Mean rate of observed return of spontaneous circulation (ROSC) (95 % confidence intervals) in comparison with the predicted rate of return of spontaneous circulation (black bar) in difficult intubation group. ROSC, return of spontaneous circulation; SGD, supraglottic airway device

Table 3.

Qualification of the physician on scene relative to intubation problems

Difficult endotracheal intubation Impossible endotracheal intubation Normal endotracheal intubation (control group)
n 510 147 7855
qualification
- resident physicians 224 (45.3 %) 61 (45.9 %) 3015 (41.2 %)
- Board-certified physicians 270 (54.7 %) 72 (54.1 %) 4308 (58.8 %)
- unkown 16 14 532
field
- anesthetists 271 (55.0 %) 74 (55.2 %) 4829 (66.1 %)
- internists 129 (26.2 %) 36 (26.9 %) 1428 (19.5 %)
- surgeons 61 (12.4 %) 17 (12.7 %) 701 (9.6 %)
- other specialties 32 (6.5 %) 7 (5.2 %) 350 (4.8 %)
- unkown 17 13 547

Patients with impossible intubation

ROSC was achieved in 31.3 % of cases (n = 46/147; 95 % CI, 23.8 to 38.8 %) in comparison with a predicted ROSC rate of 40.5 % (P < 0.05). An alternative airway was used in 66.0 % of these cases (n = 97/147).

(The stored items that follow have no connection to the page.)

lemma is_JL_distortion:
  assumes "is_JL e M N B S" "x \<in> S"
  shows "\<bar>vnorm2 M (mat_vec N B x) - vnorm2 N x\<bar> \<le> e * vnorm2 N x"
proof -
  obtain ex where ex: "-e < ex" "ex < e" "vnorm2 M (mat_vec N B x) = (1 + ex) * vnorm2 N x"
    using assms unfolding is_JL_def by blast
  then have "\<bar>vnorm2 M (mat_vec N B x) - vnorm2 N x\<bar> = \<bar>ex\<bar> * vnorm2 N x"
    by (simp add: algebra_simps abs_mult vnorm2_nonneg)
  also have "\<dots> \<le> e * vnorm2 N x"
    using ex by (intro mult_right_mono) (auto simp: vnorm2_nonneg)
  finally show ?thesis .
qed

lemma is_JL_vinner_error:
  assumes JL: "is_JL e M N B S"
    and S: "(\<lambda>t. u t + v t) \<in> S" "(\<lambda>t. u t - v t) \<in> S"
      "(\<lambda>t. u t + \<i> * v t) \<in> S" "(\<lambda>t. u t - \<i> * v t) \<in> S"
  shows "cmod (vinner M (mat_vec N B u) (mat_vec N B v) - vinner N u v)
    \<le> e * (vnorm2 N u + vnorm2 N v)"
proof -
  define \<delta> where "\<delta> x = vnorm2 M (mat_vec N B x) - vnorm2 N x" for x
  let ?s1 = "vnorm2 N (\<lambda>t. u t + v t)" and ?s2 = "vnorm2 N (\<lambda>t. u t - v t)"
  let ?s3 = "vnorm2 N (\<lambda>t. u t + \<i> * v t)" and ?s4 = "vnorm2 N (\<lambda>t. u t - \<i> * v t)"
  have "4 * (vinner M (mat_vec N B u) (mat_vec N B v) - vinner N u v) =
      complex_of_real (\<delta> (\<lambda>t. u t + v t) - \<delta> (\<lambda>t. u t - v t))
    + \<i> * complex_of_real (\<delta> (\<lambda>t. u t + \<i> * v t) - \<delta> (\<lambda>t. u t - \<i> * v t))"
    using mat_vec_add_scaled[of N B u 1 v] mat_vec_diff_scaled[of N B u 1 v]
      mat_vec_add_scaled[of N B u \<i> v] mat_vec_diff_scaled[of N B u \<i> v]
    unfolding right_diff_distrib vinner_polarization \<delta>_def
    by (simp add: algebra_simps)
  then have "4 * cmod (vinner M (mat_vec N B u) (mat_vec N B v) - vinner N u v)
      = cmod (complex_of_real (\<delta> (\<lambda>t. u t + v t) - \<delta> (\<lambda>t. u t - v t))
        + \<i> * complex_of_real (\<delta> (\<lambda>t. u t + \<i> * v t) - \<delta> (\<lambda>t. u t - \<i> * v t)))"
    by (metis norm_mult norm_numeral)
  also have "\<dots> \<le> \<bar>\<delta> (\<lambda>t. u t + v t) - \<delta> (\<lambda>t. u t - v t)\<bar>
        + \<bar>\<delta> (\<lambda>t. u t + \<i> * v t) - \<delta> (\<lambda>t. u t - \<i> * v t)\<bar>"
    by (rule order.trans[OF norm_triangle_ineq]) (simp only: norm_mult norm_of_real, simp)
  also have "\<dots> \<le> \<bar>\<delta> (\<lambda>t. u t + v t)\<bar> + \<bar>\<delta> (\<lambda>t. u t - v t)\<bar>
        + (\<bar>\<delta> (\<lambda>t. u t + \<i> * v t)\<bar> + \<bar>\<delta> (\<lambda>t. u t - \<i> * v t)\<bar>)"
    by (intro add_mono abs_triangle_ineq4)
  also have "\<dots> \<le> e * ?s1 + e * ?s2 + (e * ?s3 + e * ?s4)"
    unfolding \<delta>_def by (intro add_mono is_JL_distortion[OF JL] S)
  also have "\<dots> = e * ((?s1 + ?s2) + (?s3 + ?s4))"
    by (simp only: distrib_left)
  also have "\<dots> = 4 * (e * (vnorm2 N u + vnorm2 N v))"
    using vnorm2_parallelogram[of 1 N u v] vnorm2_parallelogram[of \<i> N u v] by simp
  finally show ?thesis by simp
qed

lemma S_prime_gram_error:
  assumes JL: "is_JL e M N B (S_prime r y)"
    and unit: "\<And>k. k < r \<Longrightarrow> vnorm2 N (y k) = 1"
    and "k < r" "h < r"
  shows "cmod (vinner M (mat_vec N B (y k)) (mat_vec N B (y h)) - vinner N (y k) (y h)) \<le> 2 * e"
proof -
  have pair: "cmod (vinner M (mat_vec N B (y k)) (mat_vec N B (y h)) - vinner N (y k) (y h)) \<le> 2 * e"
    if "h < k" "k < r" for k h
  proof -
    have "cmod (vinner M (mat_vec N B (y k)) (mat_vec N B (y h)) - vinner N (y k) (y h))
        \<le> e * (vnorm2 N (y k) + vnorm2 N (y h))"
      by (rule is_JL_vinner_error[OF JL]) (use that in \<open>auto simp: S_prime_def\<close>)
    then show ?thesis using that unit by simp
  qed
  \<comment> \<open>\<open>S_prime\<close> only contains the combinations with \<open>h < k\<close>; the case \<open>k < h\<close> follows by conjugate symmetry.\<close>
  consider "h < k" | "k < h" | "k = h" by linarith
  then show ?thesis
  proof cases
    case 1
    then show ?thesis using pair \<open>k < r\<close> by blast
  next
    case 2
    then show ?thesis
      using pair[of k h] \<open>h < r\<close>
      by (metis complex_cnj_diff complex_mod_cnj cnj_vinner)
  next
    case 3
    have "y k \<in> S_prime r y" using \<open>k < r\<close> unfolding S_prime_def by blast
    then have "\<bar>vnorm2 M (mat_vec N B (y k)) - 1\<bar> \<le> e"
      using is_JL_distortion[OF JL] unit[OF \<open>k < r\<close>] by (metis mult.right_neutral)
    moreover have "vinner M (mat_vec N B (y k)) (mat_vec N B (y h)) - vinner N (y k) (y h)
        = complex_of_real (vnorm2 M (mat_vec N B (y k)) - 1)"
      using 3 unit[OF \<open>k < r\<close>] by (simp add: vinner_self)
    ultimately show ?thesis
      by (simp del: of_real_diff)
  qed
qed

subsection \<open>Mode products and inner products of CP tensors\<close>

lemma tinner_cp_tensor:
  "tinner d N (cp_tensor d r b z) (cp_tensor d r a z) =
   (\<Sum>k<r. \<Sum>h<r. b k * cnj (a h) * (\<Prod>l<d. vinner (N l) (z l k) (z l h)))"
proof -
  have prod_vinner: "(\<Prod>l<d. vinner (N l) (z l k) (z l h)) =
      (\<Sum>i\<in>tidx d N. \<Prod>l<d. z l k (i l) * cnj (z l h (i l)))" for k h
    unfolding vinner_def tidx_def by (rule prod_sum_PiE) auto
  have "tinner d N (cp_tensor d r b z) (cp_tensor d r a z) =
      (\<Sum>i\<in>tidx d N. \<Sum>k<r. \<Sum>h<r. b k * cnj (a h) * (\<Prod>l<d. z l k (i l) * cnj (z l h (i l))))"
    unfolding tinner_def cp_tensor_def
    by (simp add: sum_product cnj_sum cnj_prod prod.distrib mult_ac)
  also have "\<dots> = (\<Sum>k<r. \<Sum>h<r. b k * cnj (a h) * (\<Prod>l<d. vinner (N l) (z l k) (z l h)))"
    by (simp add: prod_vinner sum_distrib_left sum.swap[of _ "tidx d N"])
  finally show ?thesis .
qed

lemma mode_prod_cp_tensor:
  assumes "j < d"
  shows "mode_prod (n j) j U (cp_tensor d r c z) =
    cp_tensor d r c (z(j := (\<lambda>k. mat_vec (n j) U (z j k))))"
proof
  fix i
  let ?z' = "z(j := (\<lambda>k. mat_vec (n j) U (z j k)))"
  have split: "(\<Prod>l<d. f l) = f j * (\<Prod>l\<in>{..<d}-{j}. f l)" for f :: "nat \<Rightarrow> complex"
    using assms by (simp add: prod.remove)
  have other_modes: "(\<Prod>l\<in>{..<d}-{j}. z l k ((i(j := t)) l)) = (\<Prod>l\<in>{..<d}-{j}. z l k (i l))"
    for k t by (rule prod.cong) auto
  have updated_mode: "(\<Prod>l\<in>{..<d}-{j}. (z(j := w)) l k (i l)) = (\<Prod>l\<in>{..<d}-{j}. z l k (i l))"
    for w k by (rule prod.cong) auto
  have "mode_prod (n j) j U (cp_tensor d r c z) i =
      (\<Sum>t<n j. \<Sum>k<r. c k * (z j k t * U (i j) t) * (\<Prod>l\<in>{..<d}-{j}. z l k (i l)))"
    unfolding mode_prod_def cp_tensor_def
    by (subst split) (simp add: other_modes sum_distrib_left sum_distrib_right mult_ac)
  also have "\<dots> = cp_tensor d r c ?z' i"
    unfolding cp_tensor_def mat_vec_def
    by (subst split, subst sum.swap) (simp add: updated_mode sum_distrib_left sum_distrib_right mult_ac)
  finally show "mode_prod (n j) j U (cp_tensor d r c z) i = cp_tensor d r c ?z' i" .
qed

lemma multi_mode_prod_cp_tensor_prefix:
  "j \<le> d \<Longrightarrow> multi_mode_prod n A j (cp_tensor d r c y) =
     cp_tensor d r c (\<lambda>l k. if l < j then mat_vec (n l) (A l) (y l k) else y l k)"
proof (induction j)
  case 0
  then show ?case by simp
next
  case (Suc j)
  have "(\<lambda>l k. if l < j then mat_vec (n l) (A l) (y l k) else y l k)(j := \<lambda>k. mat_vec (n j) (A j) (y j k))
      = (\<lambda>l k. if l < Suc j then mat_vec (n l) (A l) (y l k) else y l k)"
    by (auto simp: fun_eq_iff less_Suc_eq)
  with Suc show ?case
    by (simp add: mode_prod_cp_tensor)
qed

lemma multi_mode_prod_cp_tensor:
  "multi_mode_prod n A d (cp_tensor d r c y) = cp_tensor d r c (\<lambda>l k. mat_vec (n l) (A l) (y l k))"
  by (simp only: multi_mode_prod_cp_tensor_prefix[OF order_refl]) (simp add: cp_tensor_def)

subsection \<open>Perturbation and summation estimates\<close>

lemma norm_prod_diff_le:
  fixes a b :: "nat \<Rightarrow> complex"
  assumes "\<And>l. l < d \<Longrightarrow> cmod (a l) \<le> B" "\<And>l. l < d \<Longrightarrow> cmod (b l - a l) \<le> \<eta>"
    and "0 \<le> B" "0 \<le> \<eta>"
  shows "cmod ((\<Prod>l<d. b l) - (\<Prod>l<d. a l)) \<le> real d * \<eta> * (B + \<eta>) ^ (d - 1)"
  using assms(1,2)
proof (induction d)
  case 0
  then show ?case by simp
next
  case (Suc d)
  have IH: "cmod ((\<Prod>l<d. b l) - (\<Prod>l<d. a l)) \<le> real d * \<eta> * (B + \<eta>) ^ (d - 1)"
    using Suc by simp
  have ad: "cmod (a d) \<le> B" and bad: "cmod (b d - a d) \<le> \<eta>"
    using Suc.prems by auto
  have bd: "cmod (b d) \<le> B + \<eta>"
    using ad bad norm_triangle_ineq[of "a d" "b d - a d"] by simp
  have "cmod (\<Prod>l<d. a l) = (\<Prod>l<d. cmod (a l))"
    by (simp add: prod_norm)
  also have "\<dots> \<le> (\<Prod>l<d. B)"
    using Suc.prems(1) by (intro prod_mono) auto
  finally have pa: "cmod (\<Prod>l<d. a l) \<le> B ^ d"
    by simp
  have "(\<Prod>l<Suc d. b l) - (\<Prod>l<Suc d. a l) =
      ((\<Prod>l<d. b l) - (\<Prod>l<d. a l)) * b d + (\<Prod>l<d. a l) * (b d - a d)"
    by (simp add: algebra_simps)
  then have "cmod ((\<Prod>l<Suc d. b l) - (\<Prod>l<Suc d. a l)) \<le>
      cmod ((\<Prod>l<d. b l) - (\<Prod>l<d. a l)) * cmod (b d) + cmod (\<Prod>l<d. a l) * cmod (b d - a d)"
    by (metis norm_mult norm_triangle_ineq)
  also have "\<dots> \<le> real d * \<eta> * (B + \<eta>) ^ (d - 1) * (B + \<eta>) + (B + \<eta>) ^ d * \<eta>"
    using IH bd pa bad assms(3,4) power_mono[of B "B + \<eta>" d]
    by (intro add_mono mult_mono) auto
  also have "\<dots> = real (Suc d) * \<eta> * (B + \<eta>) ^ (Suc d - 1)"
    by (cases d) (simp_all add: algebra_simps)
  finally show ?case .
qed

lemma power_add_divide_le_exp_max:
  fixes B x :: real
  assumes "0 \<le> B" "0 \<le> x"
  shows "(B + x / real d) ^ (d - 1) \<le> exp 1 * max B x ^ (d - 1)"
proof (cases "d = 0")
  case False
  let ?M = "max B x"
  have "(1 + 1 / real d) ^ (d - 1) \<le> exp (1 / real d) ^ (d - 1)"
    by (intro power_mono) (auto simp: exp_ge_add_one_self)
  also have "\<dots> = exp (real (d - 1) / real d)"
    by (simp add: exp_of_nat_mult[symmetric])
  also have "\<dots> \<le> exp 1"
    using False by simp
  finally have growth: "(1 + 1 / real d) ^ (d - 1) \<le> exp 1" .
  have "x / real d \<le> ?M / real d"
    by (simp add: divide_right_mono)
  then have "B + x / real d \<le> ?M * (1 + 1 / real d)"
    by (simp add: algebra_simps)
  then have "(B + x / real d) ^ (d - 1) \<le> (?M * (1 + 1 / real d)) ^ (d - 1)"
    by (rule power_mono) (use assms in auto)
  also have "\<dots> = ?M ^ (d - 1) * (1 + 1 / real d) ^ (d - 1)"
    by (rule power_mult_distrib)
  also have "\<dots> \<le> ?M ^ (d - 1) * exp 1"
    using growth assms by (intro mult_left_mono) auto
  finally show ?thesis
    by (simp add: mult.commute)
qed simp

lemma mult_le_half_sum_squares:
  fixes u v :: real
  shows "u * v \<le> (u\<^sup>2 + v\<^sup>2) / 2"
  using sum_squares_bound[of u v] by simp

lemma sum_mult_le_sum_squares:
  fixes x y :: "nat \<Rightarrow> real"
  shows "(\<Sum>k<r. x k * y k) \<le> ((\<Sum>k<r. (x k)\<^sup>2) + (\<Sum>k<r. (y k)\<^sup>2)) / 2"
proof -
  have "(\<Sum>k<r. x k * y k) \<le> (\<Sum>k<r. ((x k)\<^sup>2 + (y k)\<^sup>2) / 2)"
    by (intro sum_mono mult_le_half_sum_squares)
  also have "\<dots> = ((\<Sum>k<r. (x k)\<^sup>2) + (\<Sum>k<r. (y k)\<^sup>2)) / 2"
    by (simp add: sum.distrib flip: sum_divide_distrib)
  finally show ?thesis .
qed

If a SGD was used, ROSC was observed in 38.1 % (n = 37; 95 % CI, 28.5 to 47.8 %). In accordance with the RACA score, ROSC would have been expected in 41.6 % (n.s.). If an SGD was not used, ROSC was observed in 18.0 % (n = 9; 95 % CI, 7.4 to 28.6 %). In accordance with the RACA score, ROSC would have been expected in 38.2 % of these cases (P < 0.05) (Fig. 3).

Fig. 3.

Fig. 3

Mean rate of observed return of spontaneous circulation (ROSC) (95 % confidence intervals) in comparison with the predicted rate of return of spontaneous circulation (black bar) in impossible intubation group. ROSC, return of spontaneous circulation; SGD, supraglottic airway device

Significant predictive factors for impossible intubation identified in the binary logistic regression analysis are listed in Table 1.

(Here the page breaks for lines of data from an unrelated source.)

lemma (in null_exhaustion) restricted_net_in_AN:
  assumes "G \<notin> borel_measurable lebesgue"
  shows "(\<lambda>A t. if A \<in> D \<and> t \<in> N A then G t else 0) \<in> AN D le"
    (is "?x \<in> _")
proof -
  have "?x A \<in> borel_measurable lebesgue" if "A \<in> D" for A
  proof (rule borel_measurable_AE[OF borel_measurable_const])
    show "AE t in lebesgue. 0 = ?x A t"
      using null_index[OF that] by (rule AE_I') auto
  qed
  moreover have "net_tendsto D le (\<lambda>A. ?x A t) (G t)" for t
    unfolding net_tendsto_def
  proof (intro allI impI)
    fix U
    assume "open U \<and> G t \<in> U"
    moreover obtain a where "a \<in> D" "t \<in> N a"
      using exhausting by blast
    ultimately show "\<exists>A0\<in>D. \<forall>A\<in>D. le A0 A \<longrightarrow> ?x A t \<in> U"
      using mono_index by (intro bexI[of _ a]) auto
  qed
  then have "AE t in lebesgue. net_tendsto D le (\<lambda>A. ?x A t) (G t)"
    by simp
  moreover have "?x \<in> nets D"
    by (simp add: nets_def)
  ultimately show ?thesis
    using assms unfolding AN_def by blast
qed

definition coded_net ::
    "'i set \<Rightarrow> ('i \<Rightarrow> real set) \<Rightarrow> (real \<Rightarrow> 'a list \<times> (bool list \<times> nat) list) \<Rightarrow> 'a set
      \<Rightarrow> 'i \<Rightarrow> real \<Rightarrow> real" where
  "coded_net D N \<eta> S = (\<lambda>A t. if A \<in> D \<and> t \<in> N A then real (pattern_value S (\<eta> t)) else 0)"

lemma net_poly_eval_coded_nets:
  assumes "nonzero_poly_nc n M c" "\<forall>i<n. x i = coded_net D N \<eta> (S i)"
  shows "net_poly_eval n M c x =
    (\<lambda>A t. if A \<in> D \<and> t \<in> N A then poly_eval n M c (\<lambda>i. real (pattern_value (S i) (\<eta> t))) else 0)"
proof (intro ext)
  fix A t
  have "net_poly_eval n M c x A t = poly_eval n M c
      (if A \<in> D \<and> t \<in> N A then (\<lambda>i. real (pattern_value (S i) (\<eta> t))) else (\<lambda>_. 0))"
    unfolding net_poly_eval_def using assms(2) by (intro poly_eval_cong) (simp add: coded_net_def)
  then show "net_poly_eval n M c x A t =
      (if A \<in> D \<and> t \<in> N A then poly_eval n M c (\<lambda>i. real (pattern_value (S i) (\<eta> t))) else 0)"
    using nonzero_poly_nc_eval_zero[OF assms(1)] by simp
qed

lemma poly_of_patterns_nonmeasurable:
  assumes "bernstein_map \<eta>" "nonzero_poly_nc n M c" "inj_on S {..<n}"
  shows "(\<lambda>t. poly_eval n M c (\<lambda>i. real (pattern_value (S i) (\<eta> t)))) \<notin> borel_measurable lebesgue"
proof -
  obtain k where k: "poly_eval n M c (\<lambda>i. real (k i)) \<noteq> 0"
    using nonzero_poly_nc_nonvanishing[OF assms(2)] by blast
  obtain y0 where "\<forall>i<n. pattern_value (S i) y0 = k i"
    using pattern_value_interpolation[OF assms(3)] by blast
  then have "poly_eval n M c (\<lambda>i. real (pattern_value (S i) y0)) = poly_eval n M c (\<lambda>i. real (k i))"
    by (intro poly_eval_cong) simp
  then have "poly_eval n M c (\<lambda>i. real (pattern_value (S i) y0)) \<noteq> 0"
    using k by simp
  moreover have "poly_eval n M c (\<lambda>i. real (pattern_value (S i) ([], []))) = 0"
    using nonzero_poly_nc_eval_zero[OF assms(2)] by simp
  ultimately show ?thesis
    by (intro bernstein_map_nonmeasurable[OF assms(1), of y0 _ "([], [])"]) auto
qed

lemma (in null_exhaustion) coded_net_inj:
  assumes "bernstein_map \<eta>"
  shows "inj (coded_net D N \<eta>)"
proof (rule injI, rule ccontr)
  fix S S'
  assume eq: "coded_net D N \<eta> S = coded_net D N \<eta> S'" and "S \<noteq> S'"
  then have "inj_on (\<lambda>i :: nat. if i = 0 then S else S') {..<2}"
    by (auto simp: inj_on_def)
  then obtain y where y: "\<forall>i<(2::nat). pattern_value (if i = 0 then S else S') y = (if i = 0 then 1 else 0)"
    using pattern_value_interpolation[where k = "\<lambda>i. if i = 0 then 1 else 0"] by blast
  obtain t where "\<eta> t = y"
    using surjD[OF bernstein_map_surj[OF assms]] by metis
  moreover obtain a where "a \<in> D" "t \<in> N a"
    using exhausting by blast
  ultimately have "coded_net D N \<eta> S a t = 1" "coded_net D N \<eta> S' a t = 0"
    using y[rule_format, of 0] y[rule_format, of 1] by (auto simp: coded_net_def)
  then show False
    using eq by simp
qed

lemma (in null_exhaustion) net_poly_eval_coded_nets_in_AN:
  assumes "bernstein_map \<eta>" "nonzero_poly_nc n M c" "inj_on S {..<n}"
    and "\<forall>i<n. x i = coded_net D N \<eta> (S i)"
  shows "net_poly_eval n M c x \<noteq> (\<lambda>_ _. 0)" "net_poly_eval n M c x \<in> AN D le"
proof -
  define G where "G t = poly_eval n M c (\<lambda>i. real (pattern_value (S i) (\<eta> t)))" for t
  have "G \<notin> borel_measurable lebesgue"
    unfolding G_def using assms(1-3) by (rule poly_of_patterns_nonmeasurable)
  have poly_x: "net_poly_eval n M c x = (\<lambda>A t. if A \<in> D \<and> t \<in> N A then G t else 0)"
    unfolding G_def using assms(2,4) by (rule net_poly_eval_coded_nets)
  show "net_poly_eval n M c x \<in> AN D le"
    unfolding poly_x using \<open>G \<notin> _\<close> by (rule restricted_net_in_AN)
  have "G \<noteq> (\<lambda>_. 0)"
    using \<open>G \<notin> _\<close> by auto
  then obtain t where "G t \<noteq> 0"
    by blast
  moreover obtain a where "a \<in> D" "t \<in> N a"
    using exhausting by blast
  ultimately have "net_poly_eval n M c x a t \<noteq> 0"
    using poly_x by simp
  then show "net_poly_eval n M c x \<noteq> (\<lambda>_ _. 0)"
    by auto
qed

lemma (in null_exhaustion) strongly_algebrable_AN:
  fixes \<eta> :: "real \<Rightarrow> real list \<times> (bool list \<times> nat) list"
  assumes "bernstein_map \<eta>"
  shows "strongly_algebrable_nets D (AN D le) (Pow (UNIV :: real set))"
  unfolding strongly_algebrable_nets_def
proof (intro exI conjI allI impI)
  let ?X = "range (coded_net D N \<eta>)"
  show "?X \<subseteq> nets D"
    by (auto simp: nets_def coded_net_def)
  have "bij_betw (coded_net D N \<eta>) UNIV ?X"
    using coded_net_inj[OF assms] by (simp add: bij_betw_def)
  then have "|UNIV :: real set set| =o |?X|"
    using card_of_ordIso by blast
  from ordIso_symmetric[OF this] show "|?X| =o |Pow (UNIV :: real set)|"
    by simp
  fix n M c and x :: "nat \<Rightarrow> 'i \<Rightarrow> real \<Rightarrow> real"
  assume P: "nonzero_poly_nc n M c \<and> inj_on x {..<n} \<and> x ` {..<n} \<subseteq> ?X"
  define S where "S = inv (coded_net D N \<eta>) \<circ> x"
  have x_S: "\<forall>i<n. x i = coded_net D N \<eta> (S i)"
    using P by (auto simp: S_def f_inv_into_f)
  then have "inj_on S {..<n}"
    using P by (metis inj_on_def lessThan_iff)
  then show "net_poly_eval n M c x \<noteq> (\<lambda>_ _. 0)" "net_poly_eval n M c x \<in> AN D le"
    using net_poly_eval_coded_nets_in_AN[OF assms _ _ x_S] P by blast+
qed

theorem mainTheorem6:
  shows "\<exists>(D :: real set) (le :: real \<Rightarrow> real \<Rightarrow> bool).
           directed_set D le \<and> \<not> is_cardinal_number D le \<and> card_eq_covN D
           \<and> strongly_algebrable_nets D (AN D le) (Pow (UNIV :: real set))"
proof -
  obtain D :: "real set" and le N where
    "directed_set D le" "\<not> is_cardinal_number D le" "card_eq_covN D" "null_exhaustion D le N"
    using exists_directed_null_exhaustion by blast
  moreover obtain \<eta> :: "real \<Rightarrow> real list \<times> (bool list \<times> nat) list" where "bernstein_map \<eta>"
    using bernstein_map_exists[OF card_of_real_lists_times_countable_le] by blast
  ultimately show ?thesis
    using null_exhaustion.strongly_algebrable_AN[of D le N \<eta>] by blast
qed

end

Control group with normal airway

ROSC was observed in 42.0 % of cases (n = 3297/7855; 95 % CI, 40.9 to 43.1 %). According to the RACA score, ROSC would have been expected in 39.8 % of these cases (Additional file 1).

Discussion

In a total of 8512 resuscitation attempts analyzed, intubation was difficult in 6.0 % of all the patients in the registry and impossible in 1.7 %. These figures were analyzed in the context of other publications on the influence of difficult or impossible intubation on the patient’s [23, 24]. In prehospital emergency medicine, the incidence of a difficult airway may vary widely and may depend on the type of emergency service being analyzed. The incidence of difficult or impossible intubation is higher in reports from countries with paramedic-based emergency services. Cobas and coworkers found that 31 % of 203 patients with prehospital intubation met the criteria for unsuccessful intubation [24]. Wang et al. reported a success rate of only 77 % in 10,356 attempted prehospital intubations [25]. In their study, 4482 patients were intubated during ongoing resuscitation, with an intubation success rate of 78 %.

Breckwoldt and coworkers reported an incidence of difficult intubation of 13 % in 276 intubations analyzed, a rate similar to that observed in the present study in the physician-based EMS in Germany [26]. Intubation failed in 1.4 % of patients. Intubations were most often attempted during cardiac arrest (63.8 % of all patients) [23]. This was also observed in other systems in Germany. In another physician-based EMS, Chenaitia et al. noted a 6 % incidence of more than two intubation attempts or a need for an alternative airway device in 239 prehospital intubations [27]. Adnet et al. reported a 99.1 % success rate in 691 prehospital intubations [28]. Although a difficult airway was present in 10.8 % of the cases, the intubation failed in only 0.9 % of the patients. Patients with cardiac arrest formed the largest proportion of the patient population enrolled (48.2 %).

The incidence of difficult or even impossible endotracheal intubation is markedly higher during EMS operations in comparison with clinical anesthesia. In clinical anesthesia, Burkle and coworkers noted intubation difficulties in 0.5 % of anesthetic procedures (186/37,482), while 0.4 % of the attempted intubations failed and airway management was achieved with a supraglottic airway device [29].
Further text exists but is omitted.